Whelan was appointed an Artistic Associate for developing new projects at New York City Center for a 2-year term from November 2014. Whelan was an artist-in-residence at Barnard College from November 2015 to May 2017. In 2017, she staged Ratmansky's Pictures at an Exhibition for the Pacific Northwest Ballet.

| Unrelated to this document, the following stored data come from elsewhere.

lemma gamma_ge:
  assumes "Bset R A r \<noteq> {}" and "\<And>z. z \<in> Bset R A r \<Longrightarrow> m \<le> norm (A x - A z)"
  shows "m \<le> gamma R A x r"
  unfolding gamma_def using assms by (intro cInf_greatest) auto

lemma tikh_dist_le_dist_Bset:
  fixes R :: "'a::real_vector \<Rightarrow> ereal" and A :: "'a \<Rightarrow> 'b::real_inner"
  assumes R: "proper_convex R" and A: "linear A" and "\<alpha> > 0"
    and xa: "xa \<in> tikh R A \<alpha> (A x)" and z: "z \<in> Bset R A r" and "tikh R A \<alpha> (A z) \<noteq> {}"
  shows "norm (A x - A xa) \<le> 2 * norm (A x - A z) + \<alpha> * r"
proof -
  obtain za where za: "za \<in> tikh R A \<alpha> (A z)"
    using \<open>tikh R A \<alpha> (A z) \<noteq> {}\<close> by blast
  have "ereal (norm (A z - A za) / \<alpha>) \<le> ereal r"
    using order_trans[OF tikh_dist_le_rho1[OF \<open>\<alpha> > 0\<close> za]] z unfolding Bset_def by blast
  then have "norm (A z - A za) \<le> \<alpha> * r"
    using \<open>\<alpha> > 0\<close> by (simp add: field_simps)
  moreover have "norm (A xa - A za) \<le> norm (A x - A z)"
    using tikh_nonexpansive[OF R A \<open>\<alpha> > 0\<close> xa za] .
  moreover have "norm (A x - A xa) \<le> norm (A x - A z) + norm (A z - A za) + norm (A za - A xa)"
    using norm_diff_triangle_le[OF norm_diff_triangle_le order_refl] by blast
  ultimately show ?thesis
    by (simp add: norm_minus_commute)
qed

theorem proposition4p8:
  fixes \<tau> :: "'a::banach topology"
    and R :: "'a \<Rightarrow> ereal"
    and A :: "'a \<Rightarrow> 'b::{real_inner, complete_space}"
    and x xa :: 'a and \<alpha> :: real
  assumes "locally_convex_hausdorff \<tau>"
    and "proper_convex R"
    and "\<And>c::real. compactin \<tau> {z. R z \<le> ereal c}"
    and "linear A"
    and "continuous_map \<tau> weak_topology A"
    and "\<alpha> > 0"
    and "xa \<in> tikh R A \<alpha> (A x)"
  shows "gamma R A x (norm (A x - A xa) / \<alpha>) \<le> norm (A x - A xa)
       \<and> norm (A x - A xa) \<le> 4 * gamma R A x (norm (A x - A xa) / (4 * \<alpha>))"
proof
  define d where "d = norm (A x - A xa)"
  have "0 \<le> d"
    unfolding d_def by simp
  have "rho1 R A xa \<le> ereal (d / \<alpha>)"
    unfolding d_def using rho1_tikh_le assms(2,4,6,7) .
  then show "gamma R A x (d / \<alpha>) \<le> d"
    unfolding d_def by (intro gamma_le) (simp add: Bset_def)
  have Hausdorff: "Hausdorff_space \<tau>"
    using assms(1) unfolding locally_convex_hausdorff_def by blast
  have "edom R \<noteq> {}"
    using assms(2) unfolding proper_convex_def by blast
  have "Bset R A (d / (4 * \<alpha>)) \<noteq> {}"
    using \<open>0 \<le> d\<close> assms(6) by (intro Bset_nonempty[OF Hausdorff assms(2,3)]) simp
  moreover have "d / 4 \<le> norm (A x - A z)" if "z \<in> Bset R A (d / (4 * \<alpha>))" for z
  proof -
    have "d \<le> 2 * norm (A x - A z) + \<alpha> * (d / (4 * \<alpha>))"
      unfolding d_def
      using tikh_dist_le_dist_Bset[OF assms(2,4,6,7) that[unfolded d_def]
          tikh_nonempty[OF Hausdorff \<open>edom R \<noteq> {}\<close> assms(3,5,6)]] .
    then show ?thesis
      using assms(6) \<open>0 \<le> d\<close> norm_ge_zero[of "A x - A z"] by simp
  qed
  ultimately have "d / 4 \<le> gamma R A x (d / (4 * \<alpha>))"
    by (intro gamma_ge) auto
  then show "d \<le> 4 * gamma R A x (d / (4 * \<alpha>))"
    by simp
qed

end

After Peter Martins' resignation in 2018 following allegations concerning emotional and physical abuse, Whelan was seen as a possible new director. A petition to hire her had over 15,000 signatures. In February 2019, Whelan was appointed as Associate Artistic Director of the NYCB. Jonathan Stafford, who had been acting as interim leader, was named Artistic Director. The two said they intended to work as partners, Stafford would be in charge of artistic operations while Whelan supervises programming. This is the first NYCB leadership that had never worked with Balanchine.

==Style==
Whelan is known for her angular body and muscularity, particularly suited to the Balanchine style. She had been called America's greatest contemporary ballerina. Mikhail Baryshnikov commented she was "the best" and "there's a complexity, a sense of internal life, a woman on stage. You're always trying to decode this person when she moves."

==Originated roles==
- Ulysses Dove: Red Angels
- Jorma Elo: Slice to Sharp
- Albert Evans: In a Landscape
- William Forsythe: Herman Schmerman
- Peter Martins: Ash, Jazz (Six Syncopated Movements), Les petits riens
- Wayne McGregor: Outlier
- Alexei Ratmansky: Concerto DSCH, Namouna, A Grand Divertissement, Pictures at an Exhibition, Russian Seasons
- Jerome Robbins: Brandenburg
- Lynne Taylor-Corbett: The Seven Deadly Sins
- Christopher Wheeldon: After the Rain, Les Carillons, Klavier, Liturgy, Morphoses, The Nightingale and the Rose, Polyphonia, Five Movements, Three Repeats

==Awards and honours==
- 2007: Nominated for an Olivier Award and a Critics' Circle Award for her performances with the Morphoses/Wheeldon Company.
- 2007: Dance Magazine award
- 2009: Honorary Doctorate of Arts from Bellarmine University
- 2011: The Jerome Robbins Award
- 2011: Bessie Award for Sustained Achievement in Performance

==Personal life==
Whelan married photographer David Michalek in September 2005. They reside in New York City.